Farmer John's farm consists of a long row of N (1 <= N <= 100,000)fields. Each field contains a certain number of cows, 1 <= ncows <= 2000. 

FJ wants to build a fence around a contiguous group of these fields in order to maximize the average number of cows per field within that block. The block must contain at least F (1 <= F <= N) fields, where F given as input. 

Calculate the fence placement that maximizes the average, given the constraint. 

输入

* Line 1: Two space-separated integers, N and F. 

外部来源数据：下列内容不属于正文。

(* Multiplying by q^K turns both sums into the integers \<Sum> p^k q^(K-k), and each term is
   congruent to w k q^K modulo m; q^K is then cancelled. *)
lemma powsum_eq_imp_cong:
  fixes p q m :: int and w :: "nat \<Rightarrow> int"
  assumes q: "q \<noteq> 0" and cop: "coprime m q"
    and w: "\<And>k. [p ^ k = w k * q ^ k] (mod m)"
    and eq: "powsum (of_int p / of_int q) E1 = powsum (of_int p / of_int q) E2"
  shows "[(\<Sum>k\<in>#E1. w k) = (\<Sum>k\<in>#E2. w k)] (mod m)"
proof -
  define K where "K = Max (insert 0 (set_mset (E1 + E2)))"
  have bounded: "\<forall>k\<in>#E1. k \<le> K" "\<forall>k\<in>#E2. k \<le> K"
    by (auto simp: K_def)
  have term_cong: "[p ^ k * q ^ (K - k) = w k * q ^ K] (mod m)" if "k \<le> K" for k
  proof -
    have "[p ^ k * q ^ (K - k) = w k * q ^ k * q ^ (K - k)] (mod m)"
      using w by (rule cong_scalar_right)
    also have "w k * q ^ k * q ^ (K - k) = w k * q ^ K"
      using that by (simp add: power_add [symmetric] mult.assoc)
    finally show ?thesis .
  qed
  have sum_cong: "[(\<Sum>k\<in>#E. p ^ k * q ^ (K - k)) = (\<Sum>k\<in>#E. w k) * q ^ K] (mod m)"
    if "\<forall>k\<in>#E. k \<le> K" for E
    using that by (induction E) (auto simp: distrib_right intro: cong_add term_cong)
  have "(\<Sum>k\<in>#E1. p ^ k * q ^ (K - k)) = (\<Sum>k\<in>#E2. p ^ k * q ^ (K - k))"
    using powsum_clear_denominator [OF q bounded(1), of p] powsum_clear_denominator [OF q bounded(2), of p] eq
    by (metis of_int_eq_iff)
  then have "[(\<Sum>k\<in>#E1. w k) * q ^ K = (\<Sum>k\<in>#E2. w k) * q ^ K] (mod m)"
    using sum_cong [OF bounded(1)] sum_cong [OF bounded(2)] by (metis cong_sym cong_trans)
  moreover have "coprime (q ^ K) m"
    using cop by (simp add: coprime_commute)
  ultimately show ?thesis
    by (simp add: cong_mult_rcancel)
qed

lemma powsum_eq_imp_dvd_count_zero:
  fixes p q :: int
  assumes "q \<noteq> 0" and "coprime p q"
    and "powsum (of_int p / of_int q) E1 = powsum (of_int p / of_int q) E2"
  shows "p dvd int (count E1 0) - int (count E2 0)"
proof -
  have "[p ^ k = (if k = 0 then 1 else 0) * q ^ k] (mod p)" for k
    by (cases k) (simp_all add: cong_0_iff)
  from powsum_eq_imp_cong [OF assms(1,2) this assms(3)] show ?thesis
    by (simp add: sum_mset_delta cong_iff_dvd_diff)
qed

lemma powsum_eq_imp_size_cong:
  fixes p q m :: int
  assumes "q \<noteq> 0" and "coprime m q" and "[p = q] (mod m)"
    and "powsum (of_int p / of_int q) E1 = powsum (of_int p / of_int q) E2"
  shows "[int (size E1) = int (size E2)] (mod m)"
proof -
  have "[p ^ k = 1 * q ^ k] (mod m)" for k
    using assms(3) by (simp add: cong_pow)
  from powsum_eq_imp_cong [OF assms(1,2) this assms(4)] show ?thesis
    by (simp add: sum_mset_constant)
qed

lemma ex_less_power:
  fixes r y :: "'a::archimedean_field"
  assumes "1 < r"
  shows "\<exists>n. y < r ^ n"
proof -
  obtain n where "y < of_nat n * (r - 1)"
    using ex_less_of_nat_mult assms by (metis diff_gt_0_iff_gt)
  moreover have "1 + of_nat n * (r - 1) \<le> r ^ n"
    using Bernoulli_inequality [of "r - 1" n] assms by simp
  ultimately show ?thesis
    by (metis add_strict_increasing order_less_le_trans zero_less_one less_imp_le)
qed

lemma eventually_less_power:
  fixes r y :: "'a::archimedean_field"
  assumes "1 < r"
  shows "eventually (\<lambda>n. y < r ^ n) sequentially"
proof -
  obtain n where "y < r ^ n"
    using ex_less_power assms by blast
  then have "y < r ^ k" if "n \<le> k" for k
    using that assms by (meson order_less_le_trans power_increasing less_imp_le)
  then show ?thesis
    by (auto simp: eventually_sequentially)
qed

* Lines 2..N+1: Each line contains a single integer, the number of cows in a field. Line 2 gives the number of cows in field 1,line 3 gives the number in field 2, and so on.

输出

* Line 1: A single integer that is 1000 times the maximal average.Do not perform rounding, just print the integer that is 1000*ncows/nfields.

 

解题思路：  题目意思找长度大于等于的F的连续的平均值最大      我是从1e-6~1e6 开始二分的 二分一直是每个数减去平均值求前缀和  从长度为L的地方开始判断 减去i-L之前的最小值看是不是大于0即可

 

#include <iostream>
#include <cstdio>
#include <cstring>
#include <algorithm>
#define eps 1e-6
using namespace std;
const double INF=0x3f3f3f3f*1.0;
int n,m;
double arr[100005];
double sum[100005];

bool check(double num){
    double minn=INF;
    for(int i=1;i<=n;i++){
        sum[i]=sum[i-1]+arr[i]-num;
    }
    double ans;
    for(int i=m;i<=n;i++){  ///看长度大于等于m的有没有大于等于0的
        minn=min(minn,sum[i-m]);  //i-m 之前的最小值
        ans=sum[i]-m;   //
        if(ans>=0) return true;   //这个平均值是可以达到的
    }
    return false;
}

void Calculation(){
    double left=1e-6;
    double right=1e6;
    while(left+eps<right){
        double mid=(left+right)/2;
        if(check(mid)) left=mid;
        else right=mid;
    }
    printf("%d
",(int)(right*1000));
}


int main(){
    scanf("%d%d",&n,&m);
    for(int i=1;i<=n;i++) scanf("%lf",&arr[i]);
    Calculation();
    return 0;
}